lemma err_le_linear: "err i \<le> \<nu> * lin_solution (x\<^sup>2) (x\<^sup>2 * r) i"
proof -
  let ?U = "\<lambda>i. \<nu> * lin_solution (x\<^sup>2) (x\<^sup>2 * r) i"
  have "0 \<le> ?U i - err i"
  proof (rule nonneg_of_geometric_supersolution[where q = "x\<^sup>2" and M = x and N = 0])
    show "x\<^sup>2 * (?U (Suc i) - err (Suc i)) \<le> ?U i - err i" for i
    proof -
      have "x * D i \<le> x\<^sup>2"
        using tail_le x_pos by (simp add: power2_eq_square)
      then have "err i \<le> x\<^sup>2 * ((real i + 1) * \<nu> * r + err (Suc i))"
        unfolding err_eq[of i]
        using nu_nonneg r_pos err_bounds by (intro mult_right_mono) auto
      moreover have "?U i = x\<^sup>2 * ?U (Suc i) + \<nu> * (x\<^sup>2 * r) * (real i + 1)"
        using lin_solution_rec[of "x\<^sup>2" "x\<^sup>2 * r" i] x_sq_bounds by (simp add: algebra_simps)
      ultimately show ?thesis
        by (simp add: algebra_simps)
    qed
    show "- (x + 0 * real i) \<le> ?U i - err i" for i
      using linear_bound_nonneg[of i] err_bounds(2)[of i] by simp
  qed (use x_sq_bounds in auto)
  then show ?thesis by simp
qed

lemma first_order_coeff_nonneg: "0 \<le> \<gamma>"
  unfolding first_order_coeff_def using lin_solution_nonneg x_sq_bounds r_pos by simp

lemma linear_bound_le: "\<nu> * lin_solution (x\<^sup>2) (x\<^sup>2 * r) i \<le> \<nu> * \<gamma> * (real i + 1)"
proof -
  have "lin_solution (x\<^sup>2) (x\<^sup>2 * r) i \<le> \<gamma> * (real i + 1)"
    unfolding first_order_coeff_def using lin_solution_le x_sq_bounds r_pos by simp
  then have "\<nu> * lin_solution (x\<^sup>2) (x\<^sup>2 * r) i \<le> \<nu> * (\<gamma> * (real i + 1))"
    using nu_nonneg by (rule mult_left_mono)
  then show ?thesis
    by (simp add: mult.assoc)
qed

lemma err_le_first_order: "err i \<le> \<nu> * \<gamma> * (real i + 1)"
  using err_le_linear[of i] linear_bound_le[of i] by linarith

lemma err_ge_linear_step:
  "x\<^sup>2 * ((real i + 1) * \<nu> * r + err (Suc i)) - \<nu>\<^sup>2 * \<kappa> * (real i + 1)\<^sup>2 \<le> err i"
proof -
  define s where "s = (real i + 1) * \<nu> * r + err (Suc i)"
  have s_nonneg: "0 \<le> s"
    unfolding s_def using nu_nonneg r_pos err_bounds by simp
  have err_i: "err i = x\<^sup>2 * s - x * err i * s"
    using err_eq[of i] unfolding s_def err_def by (simp add: algebra_simps power2_eq_square)
  have "0 \<le> \<nu> * \<gamma> * real i"
    using nu_nonneg first_order_coeff_nonneg by simp
  then have "\<nu> * \<gamma> * (real (Suc i) + 1) \<le> 2 * (\<nu> * \<gamma> * (real i + 1))"
    by (simp add: algebra_simps)
  then have "err (Suc i) \<le> 2 * (\<nu> * \<gamma> * (real i + 1))"
    using err_le_first_order[of "Suc i"] by linarith
  then have "s \<le> \<nu> * (real i + 1) * (r + 2 * \<gamma>)"
    unfolding s_def by (simp add: algebra_simps)
  then have "err i * s \<le> (\<nu> * \<gamma> * (real i + 1)) * (\<nu> * (real i + 1) * (r + 2 * \<gamma>))"
    using err_le_first_order[of i] err_bounds(1)[of i] s_nonneg by (intro mult_mono) auto
  then have "x * (err i * s) \<le> x * ((\<nu> * \<gamma> * (real i + 1)) * (\<nu> * (real i + 1) * (r + 2 * \<gamma>)))"
    using x_pos by (intro mult_left_mono) auto
  also have "\<dots> = \<nu>\<^sup>2 * \<kappa> * (real i + 1)\<^sup>2"
    by (simp add: algebra_simps power2_eq_square)
  finally have "x * err i * s \<le> \<nu>\<^sup>2 * \<kappa> * (real i + 1)\<^sup>2"
    by (simp add: mult.assoc)
  then show ?thesis
    using err_i unfolding s_def by linarith
qed

lemma err_ge_quadratic:
  "\<nu> * lin_solution (x\<^sup>2) (x\<^sup>2 * r) i - \<nu>\<^sup>2 * quad_solution (x\<^sup>2) \<kappa> i \<le> err i"
proof -
  let ?L = "\<lambda>i. \<nu> * lin_solution (x\<^sup>2) (x\<^sup>2 * r) i - \<nu>\<^sup>2 * quad_solution (x\<^sup>2) \<kappa> i"
  have "0 \<le> err i - ?L i"
  proof (rule nonneg_of_geometric_supersolution[where q = "x\<^sup>2" and M = "\<nu> * \<gamma>" and N = "\<nu> * \<gamma>"])
    show "x\<^sup>2 * (err (Suc i) - ?L (Suc i)) \<le> err i - ?L i" for i
    proof -
      have "?L i = x\<^sup>2 * ((real i + 1) * \<nu> * r + ?L (Suc i)) - \<nu>\<^sup>2 * \<kappa> * (real i + 1)\<^sup>2"
        using lin_solution_rec[of "x\<^sup>2" "x\<^sup>2 * r" i] quad_solution_rec[of "x\<^sup>2" \<kappa> i] x_sq_bounds
        by (simp add: algebra_simps)
      then show ?thesis
        using err_ge_linear_step[of i] by (simp add: algebra_simps)
    qed
    show "- (\<nu> * \<gamma> + \<nu> * \<gamma> * real i) \<le> err i - ?L i" for i
    proof -
      have "0 \<le> quad_solution (x\<^sup>2) \<kappa> i"
        using quad_solution_nonneg x_sq_bounds x_pos r_pos first_order_coeff_nonneg by simp
      then have "0 \<le> \<nu>\<^sup>2 * quad_solution (x\<^sup>2) \<kappa> i"
        by simp
      moreover have "\<nu> * \<gamma> * (real i + 1) = \<nu> * \<gamma> + \<nu> * \<gamma> * real i"
        by (simp add: algebra_simps)
      ultimately show ?thesis
        using linear_bound_le[of i] err_bounds(1)[of i] by linarith
    qed
  qed (use x_sq_bounds in auto)
  then show ?thesis by simp
qed

lemma first_order_bounds:
  "x - D 0 \<le> \<nu> * first_order_coeff x r"
  "\<nu> * first_order_coeff x r - \<nu>\<^sup>2 * second_order_coeff x r \<le> x - D 0"
  using err_le_linear[of 0] err_ge_quadratic[of 0]
  unfolding err_def first_order_coeff_def second_order_coeff_def Let_def by simp_all

end

lemma beta_d_square: "1 \<le> d \<Longrightarrow> (beta_d d)\<^sup>2 = real d - 1"
  unfolding beta_d_def by simp

lemma beta_d_ge_1: "2 \<le> d \<Longrightarrow> 1 \<le> beta_d d"
  unfolding beta_d_def by simp

lemma beta_d_gt_1: "3 \<le> d \<Longrightarrow> 1 < beta_d d"
  unfolding beta_d_def by simp

lemma rho_d_pos: "2 \<le> d \<Longrightarrow> 0 < rho_d d"
  unfolding rho_d_def by simp

lemma rho_d_div_beta_d: "2 \<le> d \<Longrightarrow> rho_d d / beta_d d = 2 / real d"
  unfolding rho_d_def beta_d_def by simp

lemma cf_coeff_Suc:
  assumes "2 \<le> d"
  shows "cf_coeff d \<nu> (Suc i) = 1 / beta_d d + beta_d d + (real i + 1) * \<nu> * (1 / rho_d d)"
proof -
  have "2 / rho_d d = real d / beta_d d"
    using assms unfolding rho_d_def beta_d_def by simp
  also have "\<dots> = 1 / beta_d d + beta_d d"
    using assms beta_d_square[of d] beta_d_ge_1[of d] by (simp add: field_simps power2_eq_square)
  finally show ?thesis
    unfolding cf_coeff_def by (simp add: add_divide_distrib)
qed

lemma cf_coeff_Suc_ge:
  assumes "2 \<le> d" "0 \<le> \<nu>"
  shows "1 / beta_d d + beta_d d \<le> cf_coeff d \<nu> (Suc i)"
  using assms rho_d_pos[of d] unfolding cf_coeff_Suc[OF assms(1)] by simp

lemma two_le_cf_coeff_Suc:
  assumes "2 \<le> d" "0 \<le> \<nu>"
  shows "2 \<le> cf_coeff d \<nu> (Suc i)"
proof -
  have "2 \<le> 1 / beta_d d + beta_d d"
    using beta_d_ge_1[OF assms(1)] by (intro two_le_inverse_add) simp
  then show ?thesis
    using cf_coeff_Suc_ge[OF assms, of i] by linarith
qed

lemma Delta_eq_cf_limit: "Delta d \<nu> = cf_limit (\<lambda>i. cf_coeff d \<nu> (Suc i))"
  unfolding Delta_def cf_limit_def ..

lemma Delta_zero:
  assumes "2 \<le> d"
  shows "Delta d 0 = 1 / beta_d d"
  using cf_limit_const[OF beta_d_ge_1[OF assms]]
  unfolding Delta_eq_cf_limit cf_coeff_Suc[OF assms] by simp

lemma Delta_first_order_bounds:
  assumes d: "3 \<le> d" and \<nu>: "0 \<le> \<nu>"
  shows "1 / beta_d d - Delta d \<nu> \<le> \<nu> * first_order_coeff (1 / beta_d d) (1 / rho_d d)"
    and "\<nu> * first_order_coeff (1 / beta_d d) (1 / rho_d d)
           - \<nu>\<^sup>2 * second_order_coeff (1 / beta_d d) (1 / rho_d d) \<le> 1 / beta_d d - Delta d \<nu>"
proof -
  have d2: "2 \<le> d"
    using d by simp
  let ?a = "\<lambda>i k. cf_coeff d \<nu> (Suc (k + i))"
  have a_ge: "2 \<le> ?a i k" for i k
    using two_le_cf_coeff_Suc[OF d2 \<nu>] .
  interpret cf_tail "1 / beta_d d" "1 / rho_d d" \<nu> "\<lambda>i. cf_limit (?a i)"
  proof
    show "0 < 1 / beta_d d" "1 / beta_d d < 1" "0 < 1 / rho_d d" "0 \<le> \<nu>"
      using beta_d_gt_1[OF d] rho_d_pos[OF d2] \<nu> by auto
    show "0 \<le> cf_limit (?a i)" for i
      using cf_limit_bounds[of "?a i"] a_ge by blast
    show "cf_limit (?a i) \<le> 1 / beta_d d" for i
      using cf_limit_antimono[of "\<lambda>_. 1 / beta_d d + beta_d d" "?a i"] cf_limit_const[of "beta_d d"]
        cf_coeff_Suc_ge[OF d2 \<nu>] two_le_inverse_add[of "beta_d d"] beta_d_ge_1[OF d2]
      by simp
    show "cf_limit (?a i) * (1 / beta_d d + 1 / (1 / beta_d d) + (real i + 1) * \<nu> * (1 / rho_d d)
        - cf_limit (?a (Suc i))) = 1" for i
    proof -
      have "cf_limit (?a i) = 1 / (cf_coeff d \<nu> (Suc i) - cf_limit (?a (Suc i)))"
        using cf_limit_unfold[of "?a i"] a_ge by simp
      moreover have "cf_limit (?a (Suc i)) \<le> 1"
        using cf_limit_bounds[of "?a (Suc i)"] a_ge by blast
      ultimately show ?thesis
        using a_ge[of i 0] unfolding cf_coeff_Suc[OF d2] by simp
    qed
  qed
  show "1 / beta_d d - Delta d \<nu> \<le> \<nu> * first_order_coeff (1 / beta_d d) (1 / rho_d d)"
    using first_order_bounds(1) unfolding Delta_eq_cf_limit by simp
  show "\<nu> * first_order_coeff (1 / beta_d d) (1 / rho_d d)
      - \<nu>\<^sup>2 * second_order_coeff (1 / beta_d d) (1 / rho_d d) \<le> 1 / beta_d d - Delta d \<nu>"
    using first_order_bounds(2) unfolding Delta_eq_cf_limit by simp
qed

* YOUR INSTRUCTIONS *
Show the lines of the entries that include the string "intro", copying each in full.

* TASK OUTPUT *
        using nu_nonneg r_pos err_bounds by (intro mult_right_mono) auto
    using err_le_first_order[of i] err_bounds(1)[of i] s_nonneg by (intro mult_mono) auto
    using x_pos by (intro mult_left_mono) auto
    using beta_d_ge_1[OF assms(1)] by (intro two_le_inverse_add) simp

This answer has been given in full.